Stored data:
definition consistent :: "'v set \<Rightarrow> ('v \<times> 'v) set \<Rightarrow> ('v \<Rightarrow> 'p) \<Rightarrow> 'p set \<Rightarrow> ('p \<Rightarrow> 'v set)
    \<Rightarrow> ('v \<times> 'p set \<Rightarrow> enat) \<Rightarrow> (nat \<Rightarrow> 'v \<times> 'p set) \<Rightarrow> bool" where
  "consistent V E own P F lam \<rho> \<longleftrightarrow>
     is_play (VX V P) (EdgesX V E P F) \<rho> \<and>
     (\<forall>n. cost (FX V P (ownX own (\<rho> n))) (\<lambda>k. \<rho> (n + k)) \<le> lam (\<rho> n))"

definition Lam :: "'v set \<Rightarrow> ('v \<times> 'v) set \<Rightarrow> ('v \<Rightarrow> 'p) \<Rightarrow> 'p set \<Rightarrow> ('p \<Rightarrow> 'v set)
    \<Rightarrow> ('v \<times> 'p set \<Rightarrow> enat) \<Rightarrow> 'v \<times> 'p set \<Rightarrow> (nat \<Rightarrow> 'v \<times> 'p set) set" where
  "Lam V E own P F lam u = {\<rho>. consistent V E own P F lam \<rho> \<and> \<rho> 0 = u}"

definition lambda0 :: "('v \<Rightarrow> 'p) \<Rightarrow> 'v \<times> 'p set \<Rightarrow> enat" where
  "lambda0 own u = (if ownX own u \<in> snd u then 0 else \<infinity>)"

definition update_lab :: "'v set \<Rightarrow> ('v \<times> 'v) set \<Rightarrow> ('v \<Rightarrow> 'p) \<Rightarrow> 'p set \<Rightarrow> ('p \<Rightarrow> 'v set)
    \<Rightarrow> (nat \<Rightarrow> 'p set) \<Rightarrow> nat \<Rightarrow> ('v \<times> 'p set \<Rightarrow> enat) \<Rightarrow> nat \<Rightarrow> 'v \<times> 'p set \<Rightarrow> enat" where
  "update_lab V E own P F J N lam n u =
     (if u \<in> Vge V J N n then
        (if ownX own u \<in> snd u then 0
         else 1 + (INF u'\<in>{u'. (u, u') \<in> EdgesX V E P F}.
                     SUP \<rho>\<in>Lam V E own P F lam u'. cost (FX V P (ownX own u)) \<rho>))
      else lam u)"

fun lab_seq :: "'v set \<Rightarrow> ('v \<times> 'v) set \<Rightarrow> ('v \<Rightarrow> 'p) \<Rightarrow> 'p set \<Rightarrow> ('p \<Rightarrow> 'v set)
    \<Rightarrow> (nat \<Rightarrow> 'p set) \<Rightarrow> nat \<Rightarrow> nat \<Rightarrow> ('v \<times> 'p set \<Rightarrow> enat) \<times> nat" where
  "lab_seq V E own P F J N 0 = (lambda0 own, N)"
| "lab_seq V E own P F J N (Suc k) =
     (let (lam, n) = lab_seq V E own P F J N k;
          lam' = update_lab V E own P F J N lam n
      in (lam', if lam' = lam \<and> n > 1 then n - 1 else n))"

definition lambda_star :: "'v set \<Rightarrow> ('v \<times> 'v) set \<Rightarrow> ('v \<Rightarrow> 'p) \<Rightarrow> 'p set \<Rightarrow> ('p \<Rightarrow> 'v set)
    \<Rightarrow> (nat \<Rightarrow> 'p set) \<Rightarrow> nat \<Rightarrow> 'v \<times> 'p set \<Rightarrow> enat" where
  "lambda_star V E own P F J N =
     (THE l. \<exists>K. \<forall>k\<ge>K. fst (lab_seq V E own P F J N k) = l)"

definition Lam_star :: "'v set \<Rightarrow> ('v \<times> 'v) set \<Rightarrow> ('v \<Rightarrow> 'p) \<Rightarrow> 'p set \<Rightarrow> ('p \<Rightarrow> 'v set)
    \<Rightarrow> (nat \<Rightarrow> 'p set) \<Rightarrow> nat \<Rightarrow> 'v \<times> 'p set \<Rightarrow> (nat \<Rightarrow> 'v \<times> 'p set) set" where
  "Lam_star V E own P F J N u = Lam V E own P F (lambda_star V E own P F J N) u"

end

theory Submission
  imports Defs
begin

--

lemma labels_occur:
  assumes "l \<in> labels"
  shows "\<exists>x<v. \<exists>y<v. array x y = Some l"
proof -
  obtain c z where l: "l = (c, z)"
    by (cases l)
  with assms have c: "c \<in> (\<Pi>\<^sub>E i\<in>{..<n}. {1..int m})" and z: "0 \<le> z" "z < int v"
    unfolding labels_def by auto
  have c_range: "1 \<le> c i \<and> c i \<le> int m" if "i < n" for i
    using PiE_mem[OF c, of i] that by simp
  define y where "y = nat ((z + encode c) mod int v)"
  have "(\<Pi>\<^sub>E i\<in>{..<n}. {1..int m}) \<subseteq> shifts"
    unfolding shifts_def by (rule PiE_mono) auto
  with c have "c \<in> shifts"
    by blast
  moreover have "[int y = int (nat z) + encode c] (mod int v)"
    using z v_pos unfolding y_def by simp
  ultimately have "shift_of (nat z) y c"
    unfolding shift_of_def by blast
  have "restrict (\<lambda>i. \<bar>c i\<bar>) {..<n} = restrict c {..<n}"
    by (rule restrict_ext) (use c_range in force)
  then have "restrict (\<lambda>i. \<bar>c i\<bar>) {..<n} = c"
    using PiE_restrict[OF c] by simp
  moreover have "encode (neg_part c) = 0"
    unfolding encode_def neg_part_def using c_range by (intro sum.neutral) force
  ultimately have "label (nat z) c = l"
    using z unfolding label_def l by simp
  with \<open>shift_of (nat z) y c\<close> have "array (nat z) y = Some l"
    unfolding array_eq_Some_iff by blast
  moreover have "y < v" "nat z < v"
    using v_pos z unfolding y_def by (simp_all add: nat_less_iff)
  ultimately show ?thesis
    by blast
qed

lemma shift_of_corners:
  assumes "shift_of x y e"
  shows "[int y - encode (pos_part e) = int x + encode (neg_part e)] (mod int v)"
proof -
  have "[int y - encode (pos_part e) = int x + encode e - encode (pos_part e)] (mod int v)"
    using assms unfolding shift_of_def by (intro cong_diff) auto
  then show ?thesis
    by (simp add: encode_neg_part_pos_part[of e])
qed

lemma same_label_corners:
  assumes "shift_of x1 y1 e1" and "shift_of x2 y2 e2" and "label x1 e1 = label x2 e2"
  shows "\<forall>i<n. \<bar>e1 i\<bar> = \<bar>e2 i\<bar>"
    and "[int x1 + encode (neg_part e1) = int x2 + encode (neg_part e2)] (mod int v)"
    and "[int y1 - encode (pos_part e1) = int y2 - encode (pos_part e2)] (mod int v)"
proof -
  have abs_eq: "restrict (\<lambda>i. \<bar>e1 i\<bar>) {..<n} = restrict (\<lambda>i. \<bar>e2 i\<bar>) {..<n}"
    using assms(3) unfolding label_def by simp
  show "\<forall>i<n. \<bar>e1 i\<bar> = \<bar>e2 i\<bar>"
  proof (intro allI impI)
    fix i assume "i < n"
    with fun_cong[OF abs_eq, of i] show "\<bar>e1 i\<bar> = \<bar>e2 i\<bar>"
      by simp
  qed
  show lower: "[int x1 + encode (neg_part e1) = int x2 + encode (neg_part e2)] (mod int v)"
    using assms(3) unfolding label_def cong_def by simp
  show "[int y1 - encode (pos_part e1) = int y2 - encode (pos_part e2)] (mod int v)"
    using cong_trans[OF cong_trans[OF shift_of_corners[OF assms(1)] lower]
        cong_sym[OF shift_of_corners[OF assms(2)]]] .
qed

§ **Work to be completed**
Lines from the entries that contain the string "else" are what must be copied.

§ **Answer for the task**
  "lambda0 own u = (if ownX own u \<in> snd u then 0 else \<infinity>)"
         else 1 + (INF u'\<in>{u'. (u, u') \<in> EdgesX V E P F}.
      else lam u)"
      in (lam', if lam' = lam \<and> n > 1 then n - 1 else n))"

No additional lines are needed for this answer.